Interoperability: The UK vs. eIDAS 2.0

Finally, the international dimension reveals a risk of isolation. The EU is rolling out the European Digital Identity Wallet (EUDIW) under eIDAS 2.0, which mandates that Member States offer a wallet and that major private platforms accept it. The system is designed for pan-European interoperability.

The UK’s approach is domestic-focused, with no automatic mutual recognition treaty in place with the EU. This creates a “digital border.” However, the government’s adoption of global technical standards like W3C Verifiable Credentials and ISO 18013-5 acts as a defensive measure. By aligning with the technology layer supported by Apple and Google rather than the bureaucratic layer, the UK hopes to achieve interoperability through technology rather than treaty.

Conclusion

Comparing the UK government’s 2025 plans with the Tony Blair Institute’s report reveals a landscape where the goals are identical, but the methods differ in sophistication. The TBI called for a “BritCard”—a blunt, centralized instrument of state modernization and control. The government has delivered a system that is technically superior in its privacy preservation and security architecture, avoiding the single point of failure that plagued previous concepts.

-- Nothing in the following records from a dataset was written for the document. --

(* Let $M_T(n)$ denote the maximum modulus of an independence root over all trees on $n$ vertices. Then $$\frac{\log_2(M_T(n))}{n}=\frac{1}{2}+o(1)\quad\text{as } n\to\infty.$$
   Context: For a finite simple graph $G$, the independence polynomial is $i(G,x)=\sum_{k\ge 0} i_k x^k$, where $i_k$ is the number of independent sets of size $k$ in $G$; its complex roots are the independence roots of $G$. *)

theory Defs
  imports "HOL-Analysis.Analysis" "HOL-Computational_Algebra.Polynomial"
begin

definition simple_graph :: "nat \<Rightarrow> (nat \<Rightarrow> nat \<Rightarrow> bool) \<Rightarrow> bool" where
  "simple_graph n E \<longleftrightarrow>
     (\<forall>u v. E u v \<longrightarrow> u < n \<and> v < n) \<and>
     (\<forall>u v. E u v \<longrightarrow> E v u) \<and> (\<forall>v. \<not> E v v)"

definition connected_graph :: "nat \<Rightarrow> (nat \<Rightarrow> nat \<Rightarrow> bool) \<Rightarrow> bool" where
  "connected_graph n E \<longleftrightarrow> (\<forall>u<n. \<forall>v<n. (E\<^sup>*\<^sup>*) u v)"

definition has_cycle :: "(nat \<Rightarrow> nat \<Rightarrow> bool) \<Rightarrow> bool" where
  "has_cycle E \<longleftrightarrow> (\<exists>vs. length vs \<ge> 3 \<and> distinct vs \<and>
      (\<forall>i. Suc i < length vs \<longrightarrow> E (vs ! i) (vs ! Suc i)) \<and> E (last vs) (hd vs))"

definition is_tree :: "nat \<Rightarrow> (nat \<Rightarrow> nat \<Rightarrow> bool) \<Rightarrow> bool" where
  "is_tree n E \<longleftrightarrow> simple_graph n E \<and> connected_graph n E \<and> \<not> has_cycle E"

definition independent_set :: "(nat \<Rightarrow> nat \<Rightarrow> bool) \<Rightarrow> nat set \<Rightarrow> bool" where
  "independent_set E S \<longleftrightarrow> (\<forall>u\<in>S. \<forall>v\<in>S. \<not> E u v)"

definition indep_poly :: "nat \<Rightarrow> (nat \<Rightarrow> nat \<Rightarrow> bool) \<Rightarrow> complex poly" where
  "indep_poly n E = (\<Sum>S\<in>{S. S \<subseteq> {0..<n} \<and> independent_set E S}. monom 1 (card S))"

definition M_T :: "nat \<Rightarrow> real" where
  "M_T n = Max {cmod z | z E. is_tree n E \<and> poly (indep_poly n E) z = 0}"

end

(* A tree is bipartite, so it has an independent set X with at least n/2 vertices. An
   independent set is determined by its trace outside X together with a few vertices of X,
   which bounds the coefficient of x^(a-j) in i(T,x), a the independence number, by
   2^(n/2) n^j; a Cauchy-type root bound then gives |z| <= 2n 2^(n/2) for every root.
   Conversely, a spider with about n/2 legs has a unique maximum independent set and at least
   2^(n/2 - 2) independent sets of the next smaller size, so by Vieta one of its independence
   roots has modulus at least 2^(n/2 - 2)/n. Hence log2 M_T(n) = n/2 + O(log n). *)

theory Submission
  imports Defs "HOL-Computational_Algebra.Fundamental_Theorem_Algebra" "HOL-Real_Asymp.Real_Asymp"
begin

definition indep_sets :: "nat \<Rightarrow> (nat \<Rightarrow> nat \<Rightarrow> bool) \<Rightarrow> nat \<Rightarrow> nat set set" where
  "indep_sets n E k = {S. S \<subseteq> {0..<n} \<and> independent_set E S \<and> card S = k}"

lemma finite_indep_sets: "finite (indep_sets n E k)"
  unfolding indep_sets_def by (rule finite_subset[of _ "Pow {0..<n}"]) auto

lemma coeff_indep_poly: "coeff (indep_poly n E) k = of_nat (card (indep_sets n E k))"
proof -
  let ?I = "{S. S \<subseteq> {0..<n} \<and> independent_set E S}"
  have fin: "finite ?I"
    by (rule finite_subset[of _ "Pow {0..<n}"]) auto
  have "coeff (indep_poly n E) k = (\<Sum>S\<in>?I. if card S = k then 1 else 0)"
    unfolding indep_poly_def by (simp add: coeff_sum coeff_monom)
  also have "\<dots> = of_nat (card {S \<in> ?I. card S = k})"
    using fin by (simp add: sum.If_cases) (rule arg_cong[where f = card], auto)
  also have "{S \<in> ?I. card S = k} = indep_sets n E k"
    unfolding indep_sets_def by auto
  finally show ?thesis .
qed

lemma indep_sets_0: "indep_sets n E 0 = {{}}"
  unfolding indep_sets_def independent_set_def
  by (auto dest: finite_subset[OF _ finite_atLeastLessThan])

lemma indep_poly_nonzero: "indep_poly n E \<noteq> 0"
proof -
  have "coeff (indep_poly n E) 0 = 1"
    by (simp add: coeff_indep_poly indep_sets_0)
  thus ?thesis by auto
qed

lemma card_independent_le_degree:
  assumes "S \<subseteq> {0..<n}" "independent_set E S"
  shows "card S \<le> degree (indep_poly n E)"
proof (rule le_degree)
  have "S \<in> indep_sets n E (card S)" using assms unfolding indep_sets_def by auto
  hence "card (indep_sets n E (card S)) \<noteq> 0" using finite_indep_sets by (metis card_0_eq empty_iff)
  thus "coeff (indep_poly n E) (card S) \<noteq> 0" by (simp add: coeff_indep_poly)
qed

lemma lead_coeff_indep_poly_ge_1: "1 \<le> norm (lead_coeff (indep_poly n E))"
proof -
  have "lead_coeff (indep_poly n E) \<noteq> 0"
    using indep_poly_nonzero by simp
  thus ?thesis by (simp add: coeff_indep_poly)
qed

definition walk :: "('a \<Rightarrow> 'a \<Rightarrow> bool) \<Rightarrow> (nat \<Rightarrow> 'a) \<Rightarrow> nat \<Rightarrow> bool" where
  "walk E f l \<longleftrightarrow> (\<forall>k<l. E (f k) (f (Suc k)))"

definition closed_walk :: "('a \<Rightarrow> 'a \<Rightarrow> bool) \<Rightarrow> (nat \<Rightarrow> 'a) \<Rightarrow> nat \<Rightarrow> bool" where
  "closed_walk E f l \<longleftrightarrow> 0 < l \<and> walk E f (l - 1) \<and> E (f (l - 1)) (f 0)"

lemma rtranclp_imp_walk:
  "E\<^sup>*\<^sup>* a v \<Longrightarrow> \<exists>f l. f 0 = a \<and> f l = v \<and> walk E f l"
proof (induction rule: rtranclp_induct)
  case base
  show ?case by (rule exI[of _ "\<lambda>_. a"], rule exI[of _ 0]) (simp add: walk_def)
next
  case (step b c)
  then obtain f l where f: "f 0 = a" "f l = b" "walk E f l" by blast
  have "walk E (f(Suc l := c)) (Suc l)"
    using f(2,3) step.hyps(2) by (auto simp: walk_def less_Suc_eq)
  moreover have "(f(Suc l := c)) 0 = a" "(f(Suc l := c)) (Suc l) = c" using f(1) by auto
  ultimately show ?case by blast
qed

lemma injective_odd_closed_walk_has_cycle:
  assumes irrefl: "\<forall>v. \<not> E v v" and cw: "closed_walk E f l" and "odd l"
    and inj: "inj_on f {..<l}"
  shows "has_cycle E"
proof -
  have "l \<noteq> 1" using cw irrefl unfolding closed_walk_def by auto
  with cw \<open>odd l\<close> have l3: "3 \<le> l" unfolding closed_walk_def by presburger
  show ?thesis unfolding has_cycle_def
  proof (intro exI[of _ "map f [0..<l]"] conjI allI impI)
    show "distinct (map f [0..<l])" using inj by (simp add: distinct_map atLeast0LessThan)
    show "E (last (map f [0..<l])) (hd (map f [0..<l]))"
      using cw l3 by (simp add: closed_walk_def last_map hd_map)
  qed (use cw l3 in \<open>auto simp: closed_walk_def walk_def\<close>)
qed

lemma closed_walk_segment:
  assumes cw: "closed_walk E f l" and ij: "i < j" "j < l" "f i = f j"
  shows "closed_walk E (\<lambda>k. f (i + k)) (j - i)"
proof -
  have w: "\<And>k. k < l - 1 \<Longrightarrow> E (f k) (f (Suc k))"
    using cw unfolding closed_walk_def walk_def by simp
  have "E (f (i + (j - i - 1))) (f (i + 0))"
    using w[of "j - 1"] ij by (simp add: Suc_diff_Suc)
  thus ?thesis using w ij unfolding closed_walk_def walk_def by auto
qed

lemma closed_walk_excise:
  assumes cw: "closed_walk E f l" and ij: "i < j" "j < l" "f i = f j"
  shows "closed_walk E (\<lambda>k. if k < i then f k else f (k + (j - i))) (l - (j - i))"
    (is "closed_walk E ?g _")
proof -
  have w: "\<And>k. k < l - 1 \<Longrightarrow> E (f k) (f (Suc k))" and c: "E (f (l - 1)) (f 0)"
    using cw unfolding closed_walk_def walk_def by auto
  have "E (?g k) (?g (Suc k))" if k: "k < l - (j - i) - 1" for k
  proof -
    consider "Suc k < i" | "Suc k = i" | "i \<le> k" by linarith
    thus ?thesis
    proof cases
      case 2
      thus ?thesis using w[of k] ij by auto
    next
      case 3
      thus ?thesis using w[of "k + (j - i)"] k by auto
    qed (use w[of k] ij in auto)
  qed
  moreover have "?g (l - (j - i) - 1) = f (l - 1)" "?g 0 = f 0" using ij by auto
  ultimately show ?thesis using ij c unfolding closed_walk_def walk_def by auto
qed

text \<open>An odd closed walk that repeats a vertex splits there into two shorter closed
  walks, one of which is odd.\<close>
lemma odd_closed_walk_has_cycle:
  assumes irrefl: "\<forall>v. \<not> E v v"
  shows "closed_walk E f l \<Longrightarrow> odd l \<Longrightarrow> has_cycle E"
proof (induction l arbitrary: f rule: less_induct)
  case (less l f)
  show ?case
  proof (cases "inj_on f {..<l}")
    case True
    with less.prems show ?thesis by (rule injective_odd_closed_walk_has_cycle[of E, OF irrefl])
  next
    case False
    then obtain i j where ij: "i < j" "j < l" "f i = f j"
      unfolding inj_on_def by (metis lessThan_iff nat_neq_iff)
    have "odd (j - i) \<or> odd (l - (j - i))" using less.prems(2) ij by auto
    moreover have "j - i < l" "l - (j - i) < l" using ij by auto
    ultimately show ?thesis
      using less.IH closed_walk_segment[OF less.prems(1) ij] closed_walk_excise[OF less.prems(1) ij]
      by blast
  qed
qed


text \<open>Walks from a common vertex to u and to v, of equal parity, close up through an
  edge uv into an odd closed walk.\<close>
lemma adjacent_endpoints_of_walks_differ_in_parity:
  assumes sym: "\<And>u v. E u v \<Longrightarrow> E v u" and irrefl: "\<forall>v. \<not> E v v" and acyclic: "\<not> has_cycle E"
    and f: "f 0 = a" "f lf = u" "walk E f lf"
    and g: "g 0 = a" "g lg = v" "walk E g lg"
    and parity: "even lf = even lg"
  shows "\<not> E u v"
proof
  assume uv: "E u v"
  define h where "h k = (if k \<le> lf then f k else g (lf + 1 + lg - k))" for k
  have "walk E h (lf + lg)"
    unfolding walk_def
  proof (intro allI impI)
    fix k assume k: "k < lf + lg"
    consider "k < lf" | "k = lf" | "lf < k" by linarith
    then show "E (h k) (h (Suc k))"
    proof cases
      case 1
      thus ?thesis using f(3) unfolding h_def walk_def by auto
    next
      case 2
      thus ?thesis using f(2) g(2) uv unfolding h_def by auto
    next
      case 3
      define m where "m = lf + lg - k"
      have "h k = g (Suc m)" "h (Suc k) = g m" "m < lg"
        unfolding h_def m_def using 3 k by (auto simp: Suc_diff_le)
      thus ?thesis using g(3) sym[of "g m" "g (Suc m)"] unfolding walk_def by auto
    qed
  qed
  moreover have "E (h (lf + lg)) (h 0)"
  proof (cases "lg = 0")
    case True
    thus ?thesis unfolding h_def using f g uv by auto
  next
    case False
    hence "h (lf + lg) = g 1" "h 0 = g 0" unfolding h_def using f(1) g(1) by auto
    thus ?thesis using g(3) False sym[of "g 0" "g 1"] unfolding walk_def by auto
  qed
  ultimately have "closed_walk E h (lf + 1 + lg)" unfolding closed_walk_def by simp
  moreover have "odd (lf + 1 + lg)" using parity by auto
  ultimately show False using odd_closed_walk_has_cycle[of E, OF irrefl] acyclic by blast
qed

text \<open>Colour each vertex by the parity of some walk to it from vertex 0; by the previous lemma
  both colour classes are independent.\<close>
lemma tree_has_large_independent_set:
  assumes tree: "is_tree n E" and n: "1 \<le> n"
  obtains X where "X \<subseteq> {0..<n}" "independent_set E X" "n \<le> 2 * card X"
proof -
  have sym: "\<And>u v. E u v \<Longrightarrow> E v u" and irrefl: "\<forall>v. \<not> E v v" and acyclic: "\<not> has_cycle E"
    and connected: "connected_graph n E"
    using tree unfolding is_tree_def simple_graph_def by auto
  define depth where "depth v = (SOME l. \<exists>f. f 0 = 0 \<and> f l = v \<and> walk E f l)" for v
  have walk_depth: "\<exists>f. f 0 = 0 \<and> f (depth v) = v \<and> walk E f (depth v)" if "v < n" for v
  proof -
    have "E\<^sup>*\<^sup>* 0 v" using connected n that unfolding connected_graph_def by simp
    from rtranclp_imp_walk[OF this] have "\<exists>l f. f 0 = 0 \<and> f l = v \<and> walk E f l" by blast
    from someI_ex[OF this] show ?thesis unfolding depth_def .
  qed
  have not_adj: "\<not> E u v"
    if u: "u < n" and v: "v < n" and parity: "even (depth u) = even (depth v)" for u v
  proof -
    obtain f g where "f 0 = 0" "f (depth u) = u" "walk E f (depth u)"
      and "g 0 = 0" "g (depth v) = v" "walk E g (depth v)"
      using walk_depth[OF u] walk_depth[OF v] by blast
    from adjacent_endpoints_of_walks_differ_in_parity[OF sym irrefl acyclic this parity]
    show ?thesis .
  qed
  define X0 where "X0 = {v \<in> {0..<n}. even (depth v)}"
  define X1 where "X1 = {v \<in> {0..<n}. odd (depth v)}"
  have indep: "independent_set E X0" "independent_set E X1"
    unfolding independent_set_def X0_def X1_def using not_adj by auto
  have sub: "X0 \<subseteq> {0..<n}" "X1 \<subseteq> {0..<n}" unfolding X0_def X1_def by auto
  have "card X0 + card X1 = card (X0 \<union> X1)"
    by (rule card_Un_disjoint[symmetric]) (auto simp: X0_def X1_def)
  also have "X0 \<union> X1 = {0..<n}" unfolding X0_def X1_def by auto
  finally have card_sum: "card X0 + card X1 = n" by simp
  show thesis
  proof (cases "n \<le> 2 * card X0")
    case True
    thus thesis by (rule that[OF sub(1) indep(1)])
  next
    case False
    hence "n \<le> 2 * card X1" using card_sum by linarith
    thus thesis by (rule that[OF sub(2) indep(2)])
  qed
qed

However, the government’s strategy is politically deceptive in its similarities to the TBI vision regarding compulsion. By mandating digital checks for employment, housing, and corporate directorship, and by establishing a state-run app that will likely dominate the market, the UK is building a national identity system in all but name. The result is a system that is functionally ubiquitous, technically federated, and operationally mandatory, achieving the TBI’s vision through the backdoor of economic regulation rather than the front door of constitutional change.